MoonCast – A zero-shot AI podcast generation system that synthesizes natural podcast-style content

What is MoonCast?

MoonCast is a zero-shot podcast generation system that synthesizes natural podcast-style speech directly from plain text. Trained with long-context language models and large-scale audio datasets, it can produce podcast audio that spans several minutes, supporting both Chinese and English. MoonCast maintains high naturalness and coherence in long-form audio generation. It uses specially designed LLM prompts to generate podcast scripts, which are then converted into final podcast audio through a speech synthesis module. Users can quickly generate podcasts using simple commands and pre-trained weights.

Key Features of MoonCast

Long-Form Audio Generation
Leverages long-context language models and large-scale long-form speech data to generate multi-minute podcast-style audio with high coherence and fluidity.
Enhanced Naturalness
MoonCast’s podcast generation module adds natural conversational details to the script, which are essential for realistic podcast speech. Experiments show it significantly outperforms existing baselines in terms of naturalness and coherence.
Multilingual Support
Supports podcast generation in both Chinese and English using language-specific prompts to create the script.
Zero-Shot Voice Synthesis
Produces realistic speech based on just a few seconds of reference audio, maintaining high voice quality and speaker similarity throughout long-form content.
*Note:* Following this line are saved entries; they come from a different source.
(* Let $n\ge 5$ and let $X$ be a nonempty set of Latin squares of order $n$ such that for every $L\in X$ and every permutation $\sigma$ of $[1,n]$, the square $\sigma(L)$ also lies in $X$. Let $m$ be the maximum inner distance of a square in $X$. Then for every integer $k\in[1,m]$ there exists a square in $X$ of inner distance $k$.
   Context: Symbols are $[1,n]=\{1,\dots,n\}$. For $a,b\in[1,n]$, $\mathrm{dist}(a,b)$ is the minimum of the residues of $a-b$ and $b-a$ modulo $n$ (in $[0,n-1]$). A Latin square of order $n$ is an $n\times n$ matrix with entries in $[1,n]$ in which every row and column contains each symbol exactly once. Cells are adjacent if they share an edge horizontally or vertically; the inner distance of a Latin square is the minimum of $\mathrm{dist}$ over symbols in adjacent cells. For a permutation $\sigma$ of $[1,n]$, $\sigma(L)$ is the square whose $(i,j)$ entry is $\sigma(m_{i,j})$. *)

theory Defs
  imports Main "HOL-Combinatorics.Permutations"
begin

text \<open>A Latin square of order n is represented as a function
  L :: nat => nat => nat, where L i j is the entry in row i, column j for
  i, j in {1..n}; outside this range the function is required to be 0 so that
  squares are determined by their n x n entries.\<close>

definition cdist :: "nat \<Rightarrow> nat \<Rightarrow> nat \<Rightarrow> nat" where
  "cdist n a b = nat (min ((int a - int b) mod int n) ((int b - int a) mod int n))"

definition latin_square :: "nat \<Rightarrow> (nat \<Rightarrow> nat \<Rightarrow> nat) \<Rightarrow> bool" where
  "latin_square n L \<longleftrightarrow>
     (\<forall>i j. (i \<notin> {1..n} \<or> j \<notin> {1..n}) \<longrightarrow> L i j = 0) \<and>
     (\<forall>i\<in>{1..n}. bij_betw (\<lambda>j. L i j) {1..n} {1..n}) \<and>
     (\<forall>j\<in>{1..n}. bij_betw (\<lambda>i. L i j) {1..n} {1..n})"

definition adjacent_cells :: "nat \<Rightarrow> ((nat \<times> nat) \<times> (nat \<times> nat)) set" where
  "adjacent_cells n = {((i, j), (i', j')). i \<in> {1..n} \<and> j \<in> {1..n} \<and> i' \<in> {1..n} \<and> j' \<in> {1..n} \<and>
       ((i = i' \<and> (j' = j + 1 \<or> j = j' + 1)) \<or> (j = j' \<and> (i' = i + 1 \<or> i = i' + 1)))}"

definition inner_distance :: "nat \<Rightarrow> (nat \<Rightarrow> nat \<Rightarrow> nat) \<Rightarrow> nat" where
  "inner_distance n L = Min ((\<lambda>((i, j), (i', j')). cdist n (L i j) (L i' j')) ` adjacent_cells n)"

definition perm_square :: "nat \<Rightarrow> (nat \<Rightarrow> nat) \<Rightarrow> (nat \<Rightarrow> nat \<Rightarrow> nat) \<Rightarrow> (nat \<Rightarrow> nat \<Rightarrow> nat)" where
  "perm_square n \<sigma> L = (\<lambda>i j. if i \<in> {1..n} \<and> j \<in> {1..n} then \<sigma> (L i j) else 0)"

end

theory Submission
  imports Defs
begin

(* Take L in X of maximal inner distance m, and adjacent cells of L carrying symbols a, b with
   dist(a, b) = m. For 1 \<le> k \<le> m choose a symbol v on a shortest arc from a to b with
   dist(a, v) = m - k and dist(v, b) = k, and swap the symbols a and v. The swap moves every symbol
   by at most m - k, and it moves both symbols of a pair only if the pair is {a, v}, whose distance
   it preserves; so by the triangle inequality every adjacent pair keeps distance at least k, while
   the pair (a, b) becomes (v, b), at distance exactly k. *)

definition circ_norm :: "int \<Rightarrow> int \<Rightarrow> int" where
  "circ_norm n z = min (z mod n) ((- z) mod n)"

lemma cdist_eq_circ_norm: "cdist n a b = nat (circ_norm (int n) (int a - int b))"
  unfolding cdist_def circ_norm_def by (simp add: min.commute)

lemma circ_norm_nonneg: "n > 0 \<Longrightarrow> 0 \<le> circ_norm n z"
  unfolding circ_norm_def by simp

lemma circ_norm_le_half: "n > 0 \<Longrightarrow> 2 * circ_norm n z \<le> n"
  unfolding circ_norm_def
  using pos_mod_sign[of n z] pos_mod_bound[of n z] by (auto simp: zmod_zminus1_eq_if min_def)

lemma circ_norm_cong: "n dvd z - w \<Longrightarrow> circ_norm n z = circ_norm n w"
  unfolding circ_norm_def by (metis mod_eq_dvd_iff mod_minus_eq)

lemma circ_norm_uminus: "circ_norm n (- z) = circ_norm n z"
  unfolding circ_norm_def by (simp add: min.commute)

lemma circ_norm_le_abs:
  assumes "n > 0" "n dvd z - w"
  shows "circ_norm n z \<le> \<bar>w\<bar>"
proof (cases "w \<ge> 0")
  case True
  have "circ_norm n z \<le> w mod n"
    using assms(2) unfolding circ_norm_def by (simp add: mod_eq_dvd_iff[symmetric])
  also have "\<dots> \<le> w" using True assms(1) by (simp add: zmod_le_nonneg_dividend)
  finally show ?thesis using True by simp
next
  case False
  have "circ_norm n z \<le> (- w) mod n"
    using assms(2) unfolding circ_norm_def by (metis min.cobounded2 mod_eq_dvd_iff mod_minus_eq)
  also have "\<dots> \<le> - w" using False assms(1) by (simp add: zmod_le_nonneg_dividend)
  finally show ?thesis using False by simp
qed

lemma circ_norm_attained:
  assumes "n > 0"
  obtains w where "n dvd z - w" "\<bar>w\<bar> = circ_norm n z"
proof (cases "z mod n \<le> (- z) mod n")
  case True
  have "n dvd z - z mod n" by (simp add: mod_eq_dvd_iff[symmetric])
  then show ?thesis using True assms by (intro that[of "z mod n"]) (simp_all add: circ_norm_def)
next
  case False
  have "n dvd (- z) - (- z) mod n" by (simp add: mod_eq_dvd_iff[symmetric])
  then have "n dvd - ((- z) - (- z) mod n)" by (simp only: dvd_minus_iff)
  then have "n dvd z - (- ((- z) mod n))" by (simp add: algebra_simps)
  then show ?thesis using False assms by (intro that[of "- ((- z) mod n)"]) (simp_all add: circ_norm_def)
qed
(* Let $(X,d)$ be a compact metric space and let $f_{1,\infty}=(f_n)_{n=1}^\infty$ be a sequence of continuous maps $f_n:X\to X$ which is either finitely generated or converges uniformly to a map $f:X\to X$. Then for every $k\in\mathbb{N}$, $(X,f_{1,\infty})$ is Kato chaotic if and only if its $k$-th iterate $(X,f_{1,\infty}^{[k]})$ is Kato chaotic.
   Context: For $i,n\in\mathbb{N}$ write $f_i^n=f_{i+n-1}\circ\cdots\circ f_i$, $f_i^0=\mathrm{id}_X$. The $k$-th iterate is $f_{1,\infty}^{[k]}=(f_{k(n-1)+1}^k)_{n=1}^\infty$, whose $n$-fold composition from index $1$ is $f_1^{kn}$. The system $f_{1,\infty}$ is finitely generated if there is a finite set $F$ of continuous self-maps of $X$ with $f_i\in F$ for all $i$. A non-autonomous system $g_{1,\infty}$ (compositions $g_1^n$) is sensitive if there is $\delta>0$ such that for every nonempty open $U\subseteq X$ there exist $x,y\in U$ and $n\in\mathbb{N}$ with $d(g_1^n(x),g_1^n(y))>\delta$; it is accessible if for every $\varepsilon>0$ and all nonempty open $U,V\subseteq X$ there exist $x\in U$, $y\in V$, $n\in\mathbb{N}$ with $d(g_1^n(x),g_1^n(y))<\varepsilon$; it is Kato chaotic if it is sensitive and accessible. *)

theory Defs
  imports "HOL-Analysis.Analysis"
begin

text \<open>Non-autonomous systems are sequences of maps indexed from 1; the value at index 0 is ignored.
  comp_from f i n is f_i^n = f_(i+n-1) o ... o f_i, with f_i^0 = id.\<close>
fun comp_from :: "(nat \<Rightarrow> 'a \<Rightarrow> 'a) \<Rightarrow> nat \<Rightarrow> nat \<Rightarrow> 'a \<Rightarrow> 'a" where
  "comp_from f i 0 = id"
| "comp_from f i (Suc n) = f (i + n) \<circ> comp_from f i n"

definition kth_iterate :: "(nat \<Rightarrow> 'a \<Rightarrow> 'a) \<Rightarrow> nat \<Rightarrow> nat \<Rightarrow> 'a \<Rightarrow> 'a" where
  "kth_iterate f k = (\<lambda>n. comp_from f (k * (n - 1) + 1) k)"

definition finitely_generated :: "(nat \<Rightarrow> 'a::topological_space \<Rightarrow> 'a) \<Rightarrow> bool" where
  "finitely_generated f \<longleftrightarrow> (\<exists>F. finite F \<and> (\<forall>h\<in>F. continuous_on UNIV h) \<and> (\<forall>i\<ge>1. f i \<in> F))"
Technical Foundations of MoonCast

Multi-Stage Training
MoonCast’s training pipeline consists of three stages:
1. Stage One: The model learns to generate short utterances and single-speaker speech, building its zero-shot synthesis capability.
2. Stage Two: The model handles non-conversational long-form content (e.g., audiobooks) to improve long-context generation stability.
3. Stage Three: The model learns to generate long dialogues rich in conversational details, mastering complex podcast generation techniques.
Segment-Level Autoregressive Audio Reconstruction
MoonCast innovatively adopts segment-level autoregressive reconstruction, enabling the model to streamingly reconstruct current audio segments based on previously generated content—improving coherence and flow.
Spontaneity Enhancement
To boost the natural feel of podcasts, MoonCast injects spontaneous details into scripts, such as filler words, response words, and occasional stutters, making conversations sound more lifelike and unscripted.

MoonCast Project Links

Official Website: https://mooncastdemo.github.io/
GitHub Repository: https://github.com/jzq2000/MoonCast
arXiv Paper: https://arxiv.org/pdf/2503.14345
Online Demo: https://huggingface.co/spaces/jzq11111/mooncast

Application Scenarios for MoonCast

Content Creation
Transforms various forms of text—stories, technical reports, news articles—into engaging podcast audio content.
Education
Converts academic materials such as papers and ebooks into podcasts, helping students understand and absorb content more effectively.
Entertainment Industry
Generates podcast-style audio with natural conversational flow, suitable for entertainment content production.
Business Use
Creates internal training podcasts or transforms press releases, product descriptions, and marketing materials into audio formats for external communication.
Personal Use
Allows individuals to convert personal content like blogs or journals into podcasts, enabling convenient listening during activities like commuting or exercising.